Cinnamon may interact with prescription drugs such as diabetes drugs and heart medications. If you are on any prescription medications, it’s best to consult your doctor before adding cinnamon to your daily coffee routine.
The coumarin found especially in cassia cinnamon may cause liver toxicity in large amounts. Luckily the effect of this is minimal where just a pinch of cinnamon is added here and there. The recommended daily amount of coumarin for a 70kg person is 7mg so that’s about 1 teaspoon of cassia cinnamon. Ceylon cinnamon has only trace levels of coumarin so is a safer option for the long term.

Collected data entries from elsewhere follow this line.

lemma marked_rank_marked_nth: "j < k \<Longrightarrow> marked_rank (marked!j) = j"
  unfolding marked_rank_def marked_def
  using card_filter_upt_nth length_marked unfolding marked_def by simp

lemma marked_rank_less: "i < n \<Longrightarrow> off_gamma n \<sigma> (\<alpha>!i) \<Longrightarrow> marked_rank i < k \<and> marked ! marked_rank i = i"
proof -
  assume i: "i < n" "off_gamma n \<sigma> (\<alpha>!i)"
  then have "i \<in> set marked" unfolding marked_def by simp
  then obtain j where "j < k" "marked!j = i" using length_marked by (auto simp: in_set_conv_nth)
  then show ?thesis using marked_rank_marked_nth by auto
qed

lemma abs_sigma_bounds: "j < k \<Longrightarrow> 1 \<le> \<bar>\<sigma>!j\<bar> \<and> \<bar>\<sigma>!j\<bar> \<le> int k"
  using signed_perm_abs_bounds[OF signed_perm_sigma, of j] length_sigma by simp

lemma sigma_idx_less: "j < k \<Longrightarrow> sigma_idx j < k"
  unfolding sigma_idx_def using abs_sigma_bounds[of j] by auto

lemma abs_sigma_nth: "j < k \<Longrightarrow> \<bar>\<sigma>!j\<bar> = int (Suc (sigma_idx j))"
  unfolding sigma_idx_def using abs_sigma_bounds[of j] by auto

lemma inj_on_sigma_idx: "inj_on sigma_idx {..<k}"
proof (rule inj_onI)
  fix j j' assume "j \<in> {..<k}" "j' \<in> {..<k}" "sigma_idx j = sigma_idx j'"
  then show "j = j'"
    using abs_sigma_nth[of j] abs_sigma_nth[of j'] signed_perm_abs_inj[OF signed_perm_sigma, of j j']
      length_sigma by simp
qed

lemma sigma_idx_surj: "sigma_idx ` {..<k} = {..<k}"
  using inj_on_sigma_idx sigma_idx_less by (intro endo_inj_surj) auto

lemma sigma_nth_nonzero: "j < k \<Longrightarrow> \<sigma>!j \<noteq> 0"
  using abs_sigma_bounds[of j] by auto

Cinnamon In Coffee For Weight Loss
Coffee is a great addition to any weight loss plan. The caffeine in coffee gives your metabolism a boost to help burn off those pesky calories. As well as giving you the energy to workout and suppressing your appetite, black coffee alone (without milk, cream or sugar) is a must if you’re trying to shift those pounds.
Now, to add to the good news, cinnamon has been shown to aid in weight loss as well. It helps lower blood sugar and circulating triglycerides which are the precursors of adipose tissue (or fatty tissue).
These two delicious ingredients pack a vast array of health benefits, from antioxidants to weight management. The combination is a very welcome addition to a typically limited, health conscious diet.
Cinnamon In Coffee Grounds
A problem with adding cinnamon to a fresh brewed cup of java is that, just like coffee grounds, cinnamon doesn’t dissolve in water. It often remains floating on the surface of the beverage or forms a sludgy mess at the bottom of the cup. This uneven distribution means you run the risk of experiencing bitter lumps of cinnamon instead of the smooth sweetness we all love so much.
A solution to this issue is storing fresh cinnamon sticks in with your coffee grounds. This allows the flavour to gently infuse into the beans as they sit in storage. This is great if you’re partial to just a hint of cinnamon but if it’s the health benefits you desire then, without actually consuming the cinnamon you may miss out.
A second option is adding ground cinnamon to the milled bean before brewing. Using a french press allows a good amount of flavour to diffuse into the hot water, giving a more rounded flavor experience but filters away that nasty sludge. Be wary if using coffee filters as the cinnamon can affect the paper and clog it up.
Cinnamon In Coffee Recipe
If black coffee is your go to drink you can spice it up any time of the day with cinnamon. If you have already brewed the cup add a ¼ – ½ teaspoon ground cinnamon and stir. Sip gently and be wary of the dregs leftover as the cinnamon may sink and form a sludge.
Cinnamon tends to mix better with fats so if you add milk or cream to your coffee try mixing the cinnamon with this prior to adding the coffee. It should give a more uniform distribution of coffee to spice.
For less residue, add cinnamon to the coffee ground before brewing (see above).